As wealth changes hands to a new generation of socially engaged millennials in the coming years, the social, responsible and impact (SRI) investment space is set to see significant inflows.
With 91 per cent of millennials interested in sustainable investing, our experts predict that rising millennial wealth could drive SRI investment to USD400 billion by 2020, up from USD77 billion today – and fintech is why.
According to Innovation in Investment, the first in a series of reports we have developed in partnership with the Economist Intelligence Unit, fintech could help make green and impact investment mainstream, with millennials leading the change.

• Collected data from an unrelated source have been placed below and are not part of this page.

(* Let $x,y$ be non-commuting indeterminates and $C=xyx^{-1}y^{-1}$. Let $(R_n)_{n\in\mathbb Z}$ be the solution of $$R_{n+1}CR_{n-1}=R_n^2+1\qquad(n\in\mathbb Z)$$ with $R_0=yxy^{-1}$ and $R_1=y$. Let $$K=R_1R_0^{-1}+R_1^{-1}R_0^{-1}+R_1^{-1}R_0.$$ Then for all $n\in\mathbb Z$, $$R_{n+1}C+R_{n-1}=R_nK\qquad\text{and}\qquad R_{n+1}+CR_{n-1}=KR_n.$$
   Context: Work in the free skew field (non-commutative rational functions) over $\mathbb C$ generated by $x,y$. *)

theory Defs
  imports Main
begin

definition commC :: "'a::division_ring \<Rightarrow> 'a \<Rightarrow> 'a" where
  "commC x y = x * y * inverse x * inverse y"

definition invK :: "'a::division_ring \<Rightarrow> 'a \<Rightarrow> 'a" where
  "invK R0 R1 = R1 * inverse R0 + inverse R1 * inverse R0 + inverse R1 * R0"

end

theory Submission
  imports Defs
begin

text \<open>
  Write a, b, c for three consecutive terms R (n - 1), R n, R (n + 1), so that c C a = b^2 + 1.
  Solving the recurrence for c C, resp. C a, gives the two identities
  c C + a = b K(a,b) and c + C a = K(b,c) b, where K(a,b) = b a^-1 + b^-1 a^-1 + b^-1 a.
  The quasi-commutation b C a = a b propagates along the sequence in both directions,
  since both it and c C b = b c are equivalent to c C b C a = b (b^2 + 1).
  It holds for n = 0 by the choice of initial values; given it at n - 1 and n, the two
  identities yield b K(b,c) b = b c + a b = b K(a,b) b, so K(a,b) does not depend on n.
\<close>

lemma int_induct_iff:
  fixes P :: "int \<Rightarrow> bool"
  assumes "P 0" and "\<And>n. P n \<longleftrightarrow> P (n + 1)"
  shows "P n"
proof (induction n rule: int_induct[where k = 0])
  case base
  show ?case using assms(1) .
next
  case (step1 i)
  then show ?case using assms(2) by blast
next
  case (step2 i)
  then show ?case using assms(2)[of "i - 1"] by simp
qed

lemma quasi_commute_step_iff:
  fixes a b c C :: "'a::division_ring"
  assumes nz: "a \<noteq> 0" "c \<noteq> 0" "C \<noteq> 0" and rec: "c * C * a = b\<^sup>2 + 1"
  shows "b * C * a = a * b \<longleftrightarrow> c * C * b = b * c"
proof -
  have "b * C * a = a * b \<longleftrightarrow> c * C * (b * C * a) = c * C * (a * b)"
    using nz by (simp add: mult_left_cancel)
  also have "\<dots> \<longleftrightarrow> c * C * b * (C * a) = b * (b\<^sup>2 + 1)"
  proof -
    have "c * C * (a * b) = b * (b\<^sup>2 + 1)"
      by (simp flip: mult.assoc add: rec power2_eq_square distrib_left distrib_right)
    then show ?thesis by (simp add: mult.assoc)
  qed
  also have "\<dots> \<longleftrightarrow> c * C * b * (C * a) = b * c * (C * a)"
    using rec by (simp add: mult.assoc)
  also have "\<dots> \<longleftrightarrow> c * C * b = b * c"
    using nz by (simp add: mult_right_cancel)
  finally show ?thesis .
qed

lemma invK_step_left:
  fixes a b c C :: "'a::division_ring"
  assumes "a \<noteq> 0" "b \<noteq> 0" and rec: "c * C * a = b\<^sup>2 + 1"
  shows "c * C + a = b * invK a b"
proof -
  have "c * C = (b\<^sup>2 + 1) * inverse a"
    using \<open>a \<noteq> 0\<close> by (simp flip: rec add: mult.assoc)
  then show ?thesis
    using assms by (simp add: invK_def distrib_left distrib_right power2_eq_square
                              mult.assoc[symmetric])
qed

lemma invK_step_right:
  fixes a b c C :: "'a::division_ring"
  assumes "b \<noteq> 0" "c \<noteq> 0" and rec: "c * C * a = b\<^sup>2 + 1"
  shows "c + C * a = invK b c * b"
proof -
  have "C * a = inverse c * (b\<^sup>2 + 1)"
    using \<open>c \<noteq> 0\<close> by (simp flip: rec add: mult.assoc[symmetric])
  then show ?thesis
    using assms by (simp add: invK_def distrib_left distrib_right power2_eq_square mult.assoc)
qed

lemma invK_step_eq:
  fixes a b c C :: "'a::division_ring"
  assumes "a \<noteq> 0" "b \<noteq> 0" "c \<noteq> 0" and rec: "c * C * a = b\<^sup>2 + 1"
    and left: "b * C * a = a * b" and right: "c * C * b = b * c"
  shows "invK b c = invK a b"
proof -
  have "b * invK b c * b = b * (c + C * a)"
    by (simp add: invK_step_right[OF \<open>b \<noteq> 0\<close> \<open>c \<noteq> 0\<close> rec] mult.assoc)
  also have "\<dots> = b * c + b * C * a"
    by (simp add: distrib_left mult.assoc)
  also have "\<dots> = (c * C + a) * b"
    using left right by (simp add: distrib_right add.commute)
  also have "\<dots> = b * invK a b * b"
    using invK_step_left[OF \<open>a \<noteq> 0\<close> \<open>b \<noteq> 0\<close> rec] by simp
  finally show ?thesis
    using \<open>b \<noteq> 0\<close> by (simp add: mult_right_cancel mult_left_cancel mult.assoc)
qed

lemma commC_conj_quasi_commute:
  fixes x y :: "'a::division_ring"
  assumes "x \<noteq> 0" "y \<noteq> 0"
  shows "y * commC x y * (y * x * inverse y) = (y * x * inverse y) * y"
proof -
  have "y * commC x y * (y * x * inverse y) = y * x * y * (inverse x * (inverse y * y) * x) * inverse y"
    by (simp add: commC_def mult.assoc)
  also have "\<dots> = y * x"
    using assms by (simp add: mult.assoc)
  also have "\<dots> = (y * x * inverse y) * y"
    using assms by (simp add: mult.assoc)
  finally show ?thesis .
qed

theorem lemma3p2:
  fixes x y :: "'a::{division_ring, ring_char_0}" and R :: "int \<Rightarrow> 'a"
  assumes rec: "\<And>n. R (n + 1) * commC x y * R (n - 1) = R n ^ 2 + 1"
    and init0: "R 0 = y * x * inverse y"
    and init1: "R 1 = y"
    and nz: "\<And>n. R n \<noteq> 0"
  shows "\<forall>n. R (n + 1) * commC x y + R (n - 1) = R n * invK (R 0) (R 1)
           \<and> R (n + 1) + commC x y * R (n - 1) = invK (R 0) (R 1) * R n"
proof -
  let ?C = "commC x y"
  have "x \<noteq> 0" "y \<noteq> 0" using nz[of 0] nz[of 1] init0 init1 by auto
  then have "?C \<noteq> 0" by (simp add: commC_def)
  have rec': "R (n + 2) * ?C * R n = R (n + 1) ^ 2 + 1" for n
    using rec[of "n + 1"] by (simp add: add.assoc)
  have quasi: "R (n + 1) * ?C * R n = R n * R (n + 1)" for n
  proof (rule int_induct_iff[where P = "\<lambda>n. R (n + 1) * ?C * R n = R n * R (n + 1)"])
    show "R (0 + 1) * ?C * R 0 = R 0 * R (0 + 1)"
      using commC_conj_quasi_commute[OF \<open>x \<noteq> 0\<close> \<open>y \<noteq> 0\<close>]
      by (simp only: add_0 init0 init1)
    show "R (n + 1) * ?C * R n = R n * R (n + 1) \<longleftrightarrow>
          R (n + 1 + 1) * ?C * R (n + 1) = R (n + 1) * R (n + 1 + 1)" for n
      using quasi_commute_step_iff[OF nz nz \<open>?C \<noteq> 0\<close> rec'] by (simp add: add.assoc)
  qed
  have K_const: "invK (R n) (R (n + 1)) = invK (R 0) (R 1)" for n
  proof (rule int_induct_iff[where P = "\<lambda>n. invK (R n) (R (n + 1)) = invK (R 0) (R 1)"])
    show "invK (R n) (R (n + 1)) = invK (R 0) (R 1) \<longleftrightarrow>
          invK (R (n + 1)) (R (n + 1 + 1)) = invK (R 0) (R 1)" for n
      using invK_step_eq[OF nz nz nz rec' quasi[of n]] quasi[of "n + 1"] by (simp add: add.assoc)
  qed simp
  show ?thesis
  proof
    fix n
    show "R (n + 1) * ?C + R (n - 1) = R n * invK (R 0) (R 1)
          \<and> R (n + 1) + ?C * R (n - 1) = invK (R 0) (R 1) * R n"
      using invK_step_left[OF nz nz rec] invK_step_right[OF nz nz rec]
            K_const[of n] K_const[of "n - 1"] by simp
  qed
qed

end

Fintech solutions will make it simpler for tech-savvy millennials to access SRI investments, effectively expanding the borders of an investment space that until recently has been limited to institutional investors such as hedge funds.
No compromise on financial returns
At a recent seminar for our Private Banking clients, a panel of experts pointed to growing evidence that creating social impact does not mean compromising on financial returns. This is helping to make SRI investment more popular.
Two leaders in impact investing – Asia-focused private equity firm Bamboo Capital and the International Finance Corporation (IFC) – invest to meet targets for both development impact and financial returns, and have consistently reported competitive investment yields.
SRI investments give socially conscious millennials a chance to invest in sectors and areas that matter to them
At our seminar, Adam Sack, head of IFC’s Emerging Asia Fund, highlighted that since 2000, the fund’s 380 equity investments have delivered realised returns of 26.7 per cent per annum. For context, this is in the top quartile of traditional private equity returns.
SRI investments give socially conscious millennials a chance to invest in sectors and areas that matter to them, forging a personal connection that goes beyond conventional financial returns.